If you are an emotional eater, you realize it’s a vicious cycle. You eat to deal with stress, sadness, or other emotions – but it ends up making you feel worse. Here are some ways to cope, as shared by some of the challengers in our accountability groups:
DELAY THE URGE
If you can delay the urge to eat, for even just ten minutes, it usually will pass. In the interim, do something to distract yourself and practice self-care– brush your teeth and find out more from West Cobb Dentistry online, give yourself a facial, paint your nails, or call a friend. Replacing the habit with a healthier one, in times, reprograms neurological pathways.
CHUG SOME h20
Pour yourself a BIG glass of water 12-24 ounces and drink that before you allow yourself to eat. Hunger could be a sign that you’re actually thirsty- the two are sometimes confused.
If you remove all foods from your home that you typically binge on – ice cream, chips, cookies, etc. you will force yourself to find other, healthier ways to cope.
USE A REPLACEMENT SNACK
It’s hard to overeat carrot or celery sticks. If you have to munch, do it with something that will be GOOD for you instead of cause further damage.
SAVOR YOUR FOOD
When you truly are hungry, practice mindful eating. Savor what you have. Appreciate it. Learn to stop BEFORE you are full. Eventually, consciously eating becomes habit and you’re less likely to binge.
IDENTIFY YOUR TRIGGERS
Each time you feel the onset of a binge/emotional eating session, go sit quietly and ask yourself what emotions/situations brought on the urge to eat.

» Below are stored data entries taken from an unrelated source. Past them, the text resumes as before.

theorem lemma3:
  fixes V :: "'a set" and E :: "'a \<Rightarrow> 'a \<Rightarrow> bool" and s t :: "'a set" and k l :: nat
  assumes "tree V E"
    and "card (leaves V E) = k"
    and "1 \<le> l"
    and "subtree V E s" and "subtree V E t" and "s \<inter> t = {}"
    and "card (boundary V E s) = l"
    and "int (card (boundary V E t)) = int k - int l + 2"
  shows "\<forall>v\<in>V. degree V E v > 2 \<longrightarrow> v \<in> s \<or> v \<in> t"
proof (intro ballI impI, rule ccontr)
  fix v assume v: "v \<in> V" "degree V E v > 2" "\<not> (v \<in> s \<or> v \<in> t)"
  have G: "simple_graph V E" using assms(1) by (rule tree_simple_graph)
  have "1 \<le> branching_excess V E (V - (s \<union> t))"
    unfolding branching_excess_def
    using v simple_graph_finite[OF G] member_le_sum[of v "V - (s \<union> t)" "\<lambda>v. degree V E v - 2"]
    by auto
  moreover have "card (leaves V E - (s \<union> t)) \<le> k"
    using assms(2) simple_graph_finite[OF G] by (auto simp: leaves_def intro: card_mono)
  ultimately have "card (boundary V E s) + card (boundary V E t) + 1 \<le> k + 2"
    using tree_out_edges_excess_bound[OF assms(1,4,5,6)]
      card_boundary_le_card_out_edges[OF G, of s] card_boundary_le_card_out_edges[OF G, of t]
    by linarith
  then show False using assms(7,8) by linarith
qed

end
lemma Least_dim_trivial_subcode_eq:
  fixes C :: "('a::field^'m^'n) set" and sp :: "'a^'m^'n \<Rightarrow> ('a^'k) set"
  assumes nonzero: "\<exists>M\<in>C. M \<noteq> 0"
    and sp: "\<And>M. vec.subspace (sp M)" "\<And>M. vec.dim (sp M) = rank M"
  shows "(LEAST d. \<forall>J::('a^'k) set. vec.subspace J \<and> vec.dim J = d \<longrightarrow>
            {M \<in> C. sp M \<subseteq> orth J} \<subseteq> {0}) = CARD('k) + 1 - min_dist C"
proof (rule Least_equality)
  show "\<forall>J::('a^'k) set. vec.subspace J \<and> vec.dim J = CARD('k) + 1 - min_dist C \<longrightarrow>
          {M \<in> C. sp M \<subseteq> orth J} \<subseteq> {0}"
  proof (intro allI impI subsetI)
    fix J :: "('a^'k) set" and M
    assume J: "vec.subspace J \<and> vec.dim J = CARD('k) + 1 - min_dist C"
      and M: "M \<in> {M \<in> C. sp M \<subseteq> orth J}"
    show "M \<in> {0}"
    proof (rule ccontr)
      assume "M \<notin> {0}"
      with M have "min_dist C \<le> rank M"
        by (simp add: min_dist_le_rank)
      also have "rank M \<le> vec.dim (orth J)"
        using M vec.dim_subset[of "sp M" "orth J"] by (simp add: sp(2))
      finally have "min_dist C \<le> vec.dim (orth J)" .
      moreover have "vec.dim (orth J) + vec.dim J = CARD('k)"
        using J dim_orth[of J] by simp
      ultimately show False
        using J by arith
    qed
  qed
next
  fix d
  assume d: "\<forall>J::('a^'k) set. vec.subspace J \<and> vec.dim J = d \<longrightarrow>
              {M \<in> C. sp M \<subseteq> orth J} \<subseteq> {0}"
  obtain M where M: "M \<in> C" "M \<noteq> 0" "rank M = min_dist C"
    by (rule min_dist_attained[OF nonzero])
  show "CARD('k) + 1 - min_dist C \<le> d"
  proof (rule ccontr)
    assume "\<not> CARD('k) + 1 - min_dist C \<le> d"
    then have "d + vec.dim (sp M) \<le> CARD('k)"
      using M(3) sp(2)[of M] by arith
    then obtain J where "vec.subspace J" "vec.dim J = d" "sp M \<subseteq> orth J"
      using exists_subspace_with_orth_superset[OF sp(1)] by metis
    with d have "M \<in> {0}"
      using M(1) by blast
    with M(2) show False
      by simp
  qed
qed

theorem corollary5p3:
  fixes C :: "('a::{finite,field}^'m^'n) set"
  assumes "2 \<le> CARD('n)" and "CARD('n) \<le> CARD('m)"
    and "matsp.subspace C" and "C \<noteq> {0}"
  shows "int (min_dist C) = int CARD('n) + 1 -
           int (LEAST d. \<forall>J::('a^'n) set. vec.subspace J \<and> vec.dim J = d \<longrightarrow>
                  rho_c C J = real (matsp.dim C) / real CARD('m))
       \<and> int (min_dist C) = int CARD('m) + 1 -
           int (LEAST d. \<forall>K::('a^'m) set. vec.subspace K \<and> vec.dim K = d \<longrightarrow>
                  rho_r C K = real (matsp.dim C) / real CARD('n))"
proof -
  have nonzero: "\<exists>M\<in>C. M \<noteq> 0"
    using assms(3,4) matsp.subspace_0 by blast
  have columns: "(LEAST d. \<forall>J::('a^'n) set. vec.subspace J \<and> vec.dim J = d \<longrightarrow>
                  rho_c C J = real (matsp.dim C) / real CARD('m)) = CARD('n) + 1 - min_dist C"
    unfolding rho_c_eq_iff subcode_c_def
    by (rule Least_dim_trivial_subcode_eq[OF nonzero])
      (simp_all add: colsp_def column_rank_def_gen)
  have rows: "(LEAST d. \<forall>K::('a^'m) set. vec.subspace K \<and> vec.dim K = d \<longrightarrow>
                  rho_r C K = real (matsp.dim C) / real CARD('n)) = CARD('m) + 1 - min_dist C"
    unfolding rho_r_eq_iff subcode_r_def
    by (rule Least_dim_trivial_subcode_eq[OF nonzero])
      (simp_all add: rowsp_def row_rank_def_gen)
  show ?thesis
    using min_dist_bound[OF nonzero] by (simp add: columns rows of_nat_diff)
qed

end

DEAL WITH THE UNDERLYING EMOTIONS
Remind yourself that it’s not about the food, but about your feelings. The only way out is through truly dealing with the underlying emotions. Start a journal. Write down your triggers, and elaborate on how those triggers make you feel.
Realize that overeating is a form of self care, albeit a destructive one. Overcoming emotional eating requires a big dose of forgiveness and grace. Practice that daily.